• [Goal of the exercise] Copy every line of the entries that has the string "exists" in it.

Collected data entries:
++++++++++

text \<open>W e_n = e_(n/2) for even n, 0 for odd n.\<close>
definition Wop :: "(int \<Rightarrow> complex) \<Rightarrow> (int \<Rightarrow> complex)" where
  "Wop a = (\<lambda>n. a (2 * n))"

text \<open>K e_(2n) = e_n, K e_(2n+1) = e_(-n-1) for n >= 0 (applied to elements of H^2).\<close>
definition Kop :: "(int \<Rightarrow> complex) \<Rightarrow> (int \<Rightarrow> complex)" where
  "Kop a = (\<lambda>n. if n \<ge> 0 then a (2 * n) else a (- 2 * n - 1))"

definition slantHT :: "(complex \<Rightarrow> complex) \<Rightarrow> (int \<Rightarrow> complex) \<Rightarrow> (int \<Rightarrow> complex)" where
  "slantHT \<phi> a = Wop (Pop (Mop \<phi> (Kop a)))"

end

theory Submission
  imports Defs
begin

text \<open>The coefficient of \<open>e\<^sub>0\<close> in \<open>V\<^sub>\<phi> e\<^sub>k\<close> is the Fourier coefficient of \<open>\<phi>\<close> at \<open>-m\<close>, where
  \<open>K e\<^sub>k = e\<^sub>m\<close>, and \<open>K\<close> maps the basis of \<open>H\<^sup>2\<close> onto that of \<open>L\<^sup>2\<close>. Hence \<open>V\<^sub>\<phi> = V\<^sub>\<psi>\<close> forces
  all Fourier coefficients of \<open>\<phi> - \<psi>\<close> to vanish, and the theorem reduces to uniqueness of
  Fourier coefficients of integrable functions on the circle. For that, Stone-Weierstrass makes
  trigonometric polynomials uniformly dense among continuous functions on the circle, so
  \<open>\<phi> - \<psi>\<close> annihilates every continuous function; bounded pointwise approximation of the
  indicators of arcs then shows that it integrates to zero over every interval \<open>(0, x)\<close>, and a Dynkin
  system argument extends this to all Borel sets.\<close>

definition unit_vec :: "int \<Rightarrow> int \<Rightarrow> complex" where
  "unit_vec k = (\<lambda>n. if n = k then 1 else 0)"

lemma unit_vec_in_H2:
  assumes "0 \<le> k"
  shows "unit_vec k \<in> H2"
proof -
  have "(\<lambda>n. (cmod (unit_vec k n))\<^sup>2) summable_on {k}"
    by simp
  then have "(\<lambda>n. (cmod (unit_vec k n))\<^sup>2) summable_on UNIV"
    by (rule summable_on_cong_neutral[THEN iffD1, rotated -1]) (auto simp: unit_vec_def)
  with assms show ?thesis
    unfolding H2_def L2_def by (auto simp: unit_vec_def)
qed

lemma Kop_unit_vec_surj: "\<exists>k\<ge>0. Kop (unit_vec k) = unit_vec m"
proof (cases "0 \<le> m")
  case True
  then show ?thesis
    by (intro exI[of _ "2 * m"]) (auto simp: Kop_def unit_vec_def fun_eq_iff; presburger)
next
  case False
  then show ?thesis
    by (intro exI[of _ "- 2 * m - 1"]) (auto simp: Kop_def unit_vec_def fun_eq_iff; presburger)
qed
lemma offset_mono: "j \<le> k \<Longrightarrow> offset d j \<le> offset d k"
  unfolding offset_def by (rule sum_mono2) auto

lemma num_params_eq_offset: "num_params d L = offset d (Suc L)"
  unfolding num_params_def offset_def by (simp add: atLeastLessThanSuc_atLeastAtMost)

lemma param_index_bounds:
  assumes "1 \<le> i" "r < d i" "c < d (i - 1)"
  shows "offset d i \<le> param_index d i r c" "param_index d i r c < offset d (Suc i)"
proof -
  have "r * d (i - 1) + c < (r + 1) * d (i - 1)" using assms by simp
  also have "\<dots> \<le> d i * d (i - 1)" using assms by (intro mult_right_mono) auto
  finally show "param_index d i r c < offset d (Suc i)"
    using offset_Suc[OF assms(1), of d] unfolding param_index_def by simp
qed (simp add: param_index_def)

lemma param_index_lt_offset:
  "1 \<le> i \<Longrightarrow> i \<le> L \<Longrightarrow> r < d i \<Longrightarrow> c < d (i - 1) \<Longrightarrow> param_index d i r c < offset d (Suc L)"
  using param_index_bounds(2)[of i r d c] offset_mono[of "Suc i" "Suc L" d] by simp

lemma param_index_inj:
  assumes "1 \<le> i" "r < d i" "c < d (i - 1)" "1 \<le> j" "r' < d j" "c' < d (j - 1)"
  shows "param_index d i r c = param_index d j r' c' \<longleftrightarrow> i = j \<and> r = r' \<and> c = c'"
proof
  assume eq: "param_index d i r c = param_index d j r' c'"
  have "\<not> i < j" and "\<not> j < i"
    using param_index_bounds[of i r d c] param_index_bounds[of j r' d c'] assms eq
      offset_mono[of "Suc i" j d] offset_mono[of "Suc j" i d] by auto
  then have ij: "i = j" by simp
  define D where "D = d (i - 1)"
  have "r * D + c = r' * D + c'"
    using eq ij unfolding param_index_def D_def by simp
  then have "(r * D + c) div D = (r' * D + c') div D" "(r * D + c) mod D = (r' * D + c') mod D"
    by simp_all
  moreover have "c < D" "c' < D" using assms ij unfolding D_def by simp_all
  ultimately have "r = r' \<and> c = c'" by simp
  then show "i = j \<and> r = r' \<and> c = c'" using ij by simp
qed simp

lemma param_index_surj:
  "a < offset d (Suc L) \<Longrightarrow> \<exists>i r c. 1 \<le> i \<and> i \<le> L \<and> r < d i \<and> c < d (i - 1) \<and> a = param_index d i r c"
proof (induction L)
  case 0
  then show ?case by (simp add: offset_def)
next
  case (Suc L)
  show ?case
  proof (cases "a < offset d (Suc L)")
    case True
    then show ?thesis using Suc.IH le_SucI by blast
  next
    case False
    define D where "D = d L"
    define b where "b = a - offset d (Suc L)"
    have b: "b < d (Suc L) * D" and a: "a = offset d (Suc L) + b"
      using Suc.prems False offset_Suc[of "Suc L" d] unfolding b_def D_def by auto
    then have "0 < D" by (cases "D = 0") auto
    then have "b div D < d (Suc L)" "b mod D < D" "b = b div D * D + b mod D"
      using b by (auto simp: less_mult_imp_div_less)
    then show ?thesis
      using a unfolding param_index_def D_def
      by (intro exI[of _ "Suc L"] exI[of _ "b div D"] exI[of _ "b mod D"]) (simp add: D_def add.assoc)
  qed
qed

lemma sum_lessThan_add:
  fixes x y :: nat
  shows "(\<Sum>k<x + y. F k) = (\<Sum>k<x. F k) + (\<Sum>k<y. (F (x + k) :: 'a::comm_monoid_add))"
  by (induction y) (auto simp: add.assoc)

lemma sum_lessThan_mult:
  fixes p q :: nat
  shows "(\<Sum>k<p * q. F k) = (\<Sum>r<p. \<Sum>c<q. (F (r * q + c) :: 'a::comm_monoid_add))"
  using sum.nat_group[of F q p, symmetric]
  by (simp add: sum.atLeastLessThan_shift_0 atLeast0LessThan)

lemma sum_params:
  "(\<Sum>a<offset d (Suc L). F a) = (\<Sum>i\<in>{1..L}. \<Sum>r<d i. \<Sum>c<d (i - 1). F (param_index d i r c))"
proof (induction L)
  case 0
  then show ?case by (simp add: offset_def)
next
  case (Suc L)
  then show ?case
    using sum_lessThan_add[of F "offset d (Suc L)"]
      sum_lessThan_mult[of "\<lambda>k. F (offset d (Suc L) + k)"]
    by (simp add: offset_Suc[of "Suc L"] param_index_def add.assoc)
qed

++++++++++

• [Answer to the exercise]
lemma Kop_unit_vec_surj: "\<exists>k\<ge>0. Kop (unit_vec k) = unit_vec m"
  "a < offset d (Suc L) \<Longrightarrow> \<exists>i r c. 1 \<le> i \<and> i \<le> L \<and> r < d i \<and> c < d (i - 1) \<and> a = param_index d i r c"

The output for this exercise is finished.